MORE SUBJECTIVE CRITERIA (IMPACT):
1. Impact: Novelty/Fundamental and Broad Interest (1-4 scale) SCORE = 2
A score here should be accompanied by a statement delineating the most interesting/important conceptual finding(s), as they stand right now with the current scope of the paper. A '1' would be expected to be understood for the importance by a layperson but would also be of top interest (will have lasting impact) on the field.
How big of an advance would you consider the findings to be if fully supported but not extended? It would be appropriate to cite literature to provide context for evaluating the advance. However, great care must be taken to avoid exaggerating what is known comparing these findings to the current dogma (see Table 2). Citations (figure by figure) are essential here.

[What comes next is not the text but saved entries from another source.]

lemma tail_recursion_le_power:
  fixes up down \<beta> p0 p1 p2 :: real
  assumes "0 \<le> up" "0 < down" "up + down \<le> 1" "\<beta> = up / down"
    and "p0 \<le> \<beta> ^ j" "p1 \<le> \<beta> ^ Suc j" "p2 \<le> \<beta> ^ Suc (Suc j)"
  shows "p2 + (1 - down) * (p1 - p2) + up * (p0 - p1) \<le> \<beta> ^ Suc j"
proof -
  have "p2 + (1 - down) * (p1 - p2) + up * (p0 - p1) = down * p2 + (1 - down - up) * p1 + up * p0"
    by (simp add: algebra_simps)
  also have "\<dots> \<le> down * \<beta> ^ Suc (Suc j) + (1 - down - up) * \<beta> ^ Suc j + up * \<beta> ^ j"
    using assms by (intro add_mono mult_left_mono) auto
  also have "\<dots> = \<beta> ^ Suc j"
  proof -
    have "up = \<beta> * down" using assms by simp
    then show ?thesis by (simp add: algebra_simps)
  qed
  finally show ?thesis .
qed
fun binary_ftree :: "'i ftree \<Rightarrow> bool" where
  "binary_ftree (Leaf i) = True"
| "binary_ftree (Node cs) = (cs \<noteq> [] \<and> length cs \<le> 2 \<and> (\<forall>c\<in>set cs. binary_ftree c))"

definition feature_tree :: "'i::finite ftree \<Rightarrow> bool" where
  "feature_tree T \<longleftrightarrow> distinct (leaves T) \<and> set (leaves T) = UNIV"

definition Sigma_mat :: "((real^'n) \<times> real) measure \<Rightarrow> real^'n^'n" where
  "Sigma_mat M = (\<chi> i j. integral\<^sup>L M (\<lambda>z. fst z $ i * fst z $ j))"

definition b_vec :: "((real^'n) \<times> real) measure \<Rightarrow> real^'n" where
  "b_vec M = (\<chi> i. integral\<^sup>L M (\<lambda>z. fst z $ i * snd z))"

definition w_star :: "((real^'n) \<times> real) measure \<Rightarrow> real^'n" where
  "w_star M = matrix_inv (Sigma_mat M) *v b_vec M"

definition w_NB :: "((real^'n) \<times> real) measure \<Rightarrow> real^'n" where
  "w_NB M = (\<chi> i. b_vec M $ i / Sigma_mat M $ i $ i)"

definition comb_risk :: "((real^'n) \<times> real) measure \<Rightarrow> (real^'n) list \<Rightarrow> real list \<Rightarrow> real" where
  "comb_risk M ws u =
     integral\<^sup>L M (\<lambda>z. ((\<Sum>j<length ws. u ! j * (ws ! j \<bullet> fst z)) - snd z)\<^sup>2)"

text \<open>tree_pred M T w: for some admissible choice of least-squares weights at the
  nodes of T, the node's prediction is x \<mapsto> <w, x>.\<close>
inductive tree_pred :: "((real^'n) \<times> real) measure \<Rightarrow> 'n ftree \<Rightarrow> real^'n \<Rightarrow> bool"
  for M where
  leaf: "tree_pred M (Leaf i) (\<chi> k. if k = i then b_vec M $ i / Sigma_mat M $ i $ i else 0)"
| node: "list_all2 (tree_pred M) cs ws \<Longrightarrow> length u = length cs \<Longrightarrow>
         (\<forall>u'. length u' = length cs \<longrightarrow> comb_risk M ws u \<le> comb_risk M ws u') \<Longrightarrow>
         tree_pred M (Node cs) (\<Sum>j<length cs. u ! j *\<^sub>R ws ! j)"

end

theory Submission
  imports Defs
begin

text \<open>
  Counterexample: the sample is the empirical (uniform) distribution on the three points
  (x,y) = ((0,0,1),1), ((0,1,0),-1), ((1,1,1),2) in R^3 x R.  Its second-moment matrix is
  invertible, the least-squares predictor is w* = (2,-1,1) with zero risk, and Naive Bayes
  gives (2,1/2,3/2).  The risk is a strictly convex quadratic, so a least-squares fit over a
  family of predictors is pinned down by its first-order condition.

  Along any binary feature tree we track an invariant of the weight vector computed for the
  leaf set S: if S is a proper subset of features the node computes exactly the least-squares
  optimum over the coordinates in S (explicit vectors restricted_opt S); at the root (S = all
  features) no multiple of the node's vector equals w*.  Leaves satisfy it; unary nodes keep
  it by uniqueness of the restricted optimum; binary nodes either merge two singletons into the
  optimum over a pair, or combine the optimum over a singleton with the optimum over the
  complementary pair, and the span of those two vectors misses w*.
\<close>

definition empirical_measure :: "'a::topological_space set \<Rightarrow> 'a measure" where
  "empirical_measure A = distr (measure_pmf (pmf_of_set A)) borel id"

· We think this work is very interesting in terms of the overall rationale and experimental design. That being said, more background and discussion should be provided to assess its novelty and impact on the field. Specifically, (i) how necrosignaling differs from previously known chemotaxis/quorum sensing mechanisms, and (ii) whether chemotaxis toward products from the lysis of other bacteria in the same species has been described.
2. Impact: Extensibility (1-4 scale) SCORE = N/A
Has an initial result (e.g. of a paradigm in a cell line) been extended to be shown (or implicated) to be important in a bigger scheme (e.g. in animals, or in a human cohort)?
This criterion is only valuable as a scoring parameter if it is present, indicated by the N/A option if it simply doesn't apply. The extent to which this is necessary for a result to be considered of value is important. It should be explicitly discussed by a reviewer why it would be required. What work (scope and expected time) and/or discussion would improve this score, and what would this improvement add to the conclusions of the study? Care should be taken to avoid casually suggesting experiments of great cost (e.g. 'repeat a mouse-based experiment in humans') and difficulty that merely confirm, but do not extend. (see Bad Behaviors, Table 2).
· More rationale is needed to determine extensibility. Specifically, the reader needs more discussion about how STRIVE-induced adaptive resistance differs from that induced by biofilms and how it relates to what we already know about quorum-sensing and chemotaxis.
· The necrosignaling phenomenon could be further investigated in other bacterial species such as Gram-positive bacteria like Listeria monocytogenes, Listeria innocua, Proteus vulgaris, Clostridium spp., etc., and the Discussion could describe potential extensibility of this aspect.